Stored items from a collection:
+--
lemma (in brauer_skeleton) isolated_family_max_sectors:
  assumes "iota_stable G H'"
  shows "isolated_family G H' (max_sectors G H')"
proof
  fix k assume "k \<in> max_sectors G H'"
  then obtain h r where k: "k = (h, r)" and h: "h \<in> hes G"
    and sector: "\<forall>i\<le>r. (perm G ^^ i) h \<in> H'" and exit: "(perm G ^^ Suc r) h \<notin> H'"
    and pred: "perm_inv G h \<notin> H'"
    by (auto simp: max_sectors_def max_sector_def is_sector_def)
  have "sector_mate G (h, r) \<notin> H'"
    using assms exit inv_inv[OF sector_exit_hes[of "(h, r)"]] h
    by (auto simp: iota_stable_def sector_mate_def sector_exit_def)
  then show "isolated_sector G H' k"
    using h sector exit pred perm_inv_eqI
    by (auto simp: isolated_sector_def k sector_set_def sector_exit_def)
qed

lemma (in brauer_skeleton) max_sectors_cover:
  assumes M: "M > 0"
  shows "max_sectors (cover M G d) (H' \<times> {0..<int M}) =
    (\<Union>k\<in>max_sectors G H'. set (sector_lifts M k))"
proof (rule set_eqI)
  fix l :: "('a \<times> int) \<times> nat"
  obtain h j r where l: "l = ((h, j), r)" by (metis prod.collapse)
  show "l \<in> max_sectors (cover M G d) (H' \<times> {0..<int M}) \<longleftrightarrow>
      l \<in> (\<Union>k\<in>max_sectors G H'. set (sector_lifts M k))"
  proof (cases "h \<in> hes G \<and> 0 \<le> j \<and> j < int M")
    case True
    then show ?thesis
      using M by (auto simp: l max_sectors_def max_sector_def is_sector_def set_sector_lifts
          funpow_cover perm_inv_cover simp del: funpow.simps)
  qed (auto simp: l max_sectors_def max_sector_def is_sector_def set_sector_lifts)
qed

lemma distinct_concat_sector_lifts: "distinct xs \<Longrightarrow> distinct (concat (map (sector_lifts M) xs))"
  by (induction xs) (auto simp: distinct_sector_lifts set_sector_lifts)

lemma moves_set_eq:
  assumes "isolated_family G B (set xs)" and "distinct xs" and "distinct ys" and "set xs = set ys"
    and "\<And>x. mult G x = 1"
  shows "brauer_eq (moves G xs) (moves G ys)"
  using assms moves_kauer_perm[of G B xs] moves_kauer_perm[of G B ys]
  by (simp add: brauer_eq_def moves_mult_one)

lemma iota_stable_cover: "iota_stable G H' \<Longrightarrow> iota_stable (cover M G d) (H' \<times> {0..<int M})"
  by (auto simp: iota_stable_def)

lemma mbar_pos:
  assumes "brauer_graph G"
  shows "mbar G > 0"
proof -
  have "finite (mult G ` hes G)" and "0 \<notin> mult G ` hes G"
    using assms by (auto simp: brauer_graph_def)
  then show ?thesis unfolding mbar_def by (metis Lcm_0_iff_nat gr0I)
qed

theorem proposition2p19:
  fixes G :: "'a brauer" and d :: "'a \<Rightarrow> int" and H' :: "'a set"
    and xs :: "('a \<times> nat) list" and ys :: "(('a \<times> int) \<times> nat) list"
  assumes "graded_brauer_graph G d"
    and "iota_stable G H'"
    and "distinct xs" and "set xs = max_sectors G H'"
    and "distinct ys"
    and "set ys = max_sectors (covering G d) (H' \<times> {0..<int (mbar G)})"
  shows "brauer_eq (covering (fst (gmoves (G, d) xs)) (snd (gmoves (G, d) xs)))
                   (moves (covering G d) ys)"
proof -
  have G: "brauer_graph G" using assms(1) by (simp add: graded_brauer_graph_def)
  interpret brauer_skeleton G using G by (rule brauer_graph_skeleton)
  have M: "mbar G > 0" using G by (rule mbar_pos)
  have F: "isolated_family G H' (set xs)"
    using isolated_family_max_sectors[OF assms(2)] assms(4) by simp
  have "mbar (fst (gmoves (G, d) xs)) = mbar G"
    using moves_mbar[OF G F assms(3)] by (simp add: fst_gmoves)
  then have "brauer_eq (covering (fst (gmoves (G, d) xs)) (snd (gmoves (G, d) xs)))
      (moves (cover (mbar G) G d) (concat (map (sector_lifts (mbar G)) xs)))"
    using cover_gmoves_eq_moves_lifts[OF F assms(3) M] by (simp add: covering_eq_cover)
  also have "brauer_eq \<dots> (moves (cover (mbar G) G d) ys)"
  proof (rule moves_set_eq)
    show "isolated_family (cover (mbar G) G d) (H' \<times> {0..<int (mbar G)})
        (set (concat (map (sector_lifts (mbar G)) xs)))"
      using brauer_skeleton.isolated_family_max_sectors[OF cover_skeleton[OF M]
          iota_stable_cover[OF assms(2)]]
      by (simp add: max_sectors_cover[OF M] assms(4))
    show "set (concat (map (sector_lifts (mbar G)) xs)) = set ys"
      using assms(4,6) max_sectors_cover[OF M] by (simp add: covering_eq_cover)
  qed (simp_all add: distinct_concat_sector_lifts assms(3,5))
  finally show ?thesis by (simp only: covering_eq_cover)
qed

end
(* For all $V\in L^1_{\rm loc}(\Omega,\mathbb R_+)\setminus\{0\}$, all $p,r\in(1,\infty)$ with $p\ne r$, and all $B\in\mathcal A_r(\Omega)$, there exist $b=b(p,r,B,V),\,c=c(p,r,B,V)\in L^\infty(\Omega;\mathbb C^d)$ such that $(A,b,c,V)\in\mathcal S_p(\Omega)$ for all $A\in\mathcal A_p(\Omega)$, while $(B,b,c,V)\notin\mathcal S_r(\Omega)$. In particular, for all $V\in L^1_{\rm loc}(\Omega,\mathbb R_+)\setminus\{0\}$, $p,r\in(1,\infty)$ with $p\ne r$, and $A\in\mathcal A_p(\Omega)\cap\mathcal A_r(\Omega)$, there exist $b,c\in L^\infty(\Omega;\mathbb C^d)$ such that $(A,b,c,V)\in\mathcal S_p(\Omega)\setminus\mathcal S_r(\Omega)$.
   Context: $\Omega\subseteq\mathbb R^d$ nonempty open; $\langle \xi,\sigma\rangle=\sum_j\xi_j\overline{\sigma_j}$. $\mathcal{A}(\Omega)$: measurable $A:\Omega\to\mathbb{C}^{d\times d}$ with $\lambda,\Lambda>0$ such that $\Re\langle A(x)\xi,\xi\rangle\ge\lambda|\xi|^2$, $|\langle A(x)\xi,\sigma\rangle|\le\Lambda|\xi||\sigma|$ a.e. $\mathcal{J}_s\xi=\frac s2(\xi+(1-\frac2s)\overline\xi)$. $\Delta_s(A)=\operatorname{ess\,inf}_{x}\min_{|\xi|=1}\Re\langle A(x)\xi,\xi+|1-2/s|\overline\xi\rangle$, $\mathcal A_s(\Omega)=\{A\in\mathcal A(\Omega):\Delta_s(A)>0\}$. $\Gamma_s^{(A,b,c,V)}(x,\xi)=\Re\langle A(x)\xi,\mathcal J_s\xi\rangle+\Re\langle b(x)+\mathcal J_sc(x),\xi\rangle+V(x)$. $\mathcal S_s(\Omega)$: quadruples $(A,b,c,V)$ ($A\in\mathcal A(\Omega)$, $b,c\in L^\infty(\Omega;\mathbb C^d)$, $0\le V\in L^1_{\rm loc}$) with $A\in\mathcal A_s(\Omega)$, $|b-c|\le M\sqrt V$ a.e. for some $M>0$, and $\Gamma_s(x,\xi)\ge\mu(|\xi|^2+V(x))$ for a.e. $x$, all $\xi$, for some $\mu>0$. *)

theory Defs
  imports "HOL-Analysis.Analysis"
begin

text \<open>Points of Omega live in real^'n (d = CARD('n)); vectors xi live in complex^'n,
  matrices A(x) in complex^'n^'n.\<close>

definition cinner :: "complex^'n \<Rightarrow> complex^'n \<Rightarrow> complex" where
  "cinner \<xi> \<sigma> = (\<Sum>j\<in>UNIV. \<xi>$j * cnj (\<sigma>$j))"

definition vconj :: "complex^'n \<Rightarrow> complex^'n" where
  "vconj \<xi> = (\<chi> j. cnj (\<xi>$j))"

definition Jop :: "real \<Rightarrow> complex^'n \<Rightarrow> complex^'n" where
  "Jop s \<xi> = (s/2) *\<^sub>R (\<xi> + (1 - 2/s) *\<^sub>R vconj \<xi>)"

definition Linf :: "(real^'n) set \<Rightarrow> (real^'n \<Rightarrow> complex^'n) \<Rightarrow> bool" where
  "Linf \<Omega> b \<longleftrightarrow> b \<in> borel_measurable (lebesgue_on \<Omega>) \<and>
     (\<exists>C. AE x in lebesgue_on \<Omega>. norm (b x) \<le> C)"

definition L1loc_nonneg :: "(real^'n) set \<Rightarrow> (real^'n \<Rightarrow> real) \<Rightarrow> bool" where
  "L1loc_nonneg \<Omega> V \<longleftrightarrow> V \<in> borel_measurable (lebesgue_on \<Omega>) \<and>
     (AE x in lebesgue_on \<Omega>. 0 \<le> V x) \<and>
     (\<forall>K. compact K \<and> K \<subseteq> \<Omega> \<longrightarrow> integrable (lebesgue_on K) V)"

definition ellA :: "(real^'n) set \<Rightarrow> (real^'n \<Rightarrow> complex^'n^'n) \<Rightarrow> bool" where
  "ellA \<Omega> A \<longleftrightarrow> A \<in> borel_measurable (lebesgue_on \<Omega>) \<and>
     (\<exists>lam>0. \<exists>Lam>0. AE x in lebesgue_on \<Omega>.
        (\<forall>\<xi>. Re (cinner (A x *v \<xi>) \<xi>) \<ge> lam * (norm \<xi>)\<^sup>2) \<and>
        (\<forall>\<xi> \<sigma>. cmod (cinner (A x *v \<xi>) \<sigma>) \<le> Lam * norm \<xi> * norm \<sigma>))"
+--
Please output only the lines from the first line of the entries through the line with "then obtain h", both included, exactly as written.

lemma (in brauer_skeleton) isolated_family_max_sectors:
  assumes "iota_stable G H'"
  shows "isolated_family G H' (max_sectors G H')"
proof
  fix k assume "k \<in> max_sectors G H'"
  then obtain h r where k: "k = (h, r)" and h: "h \<in> hes G"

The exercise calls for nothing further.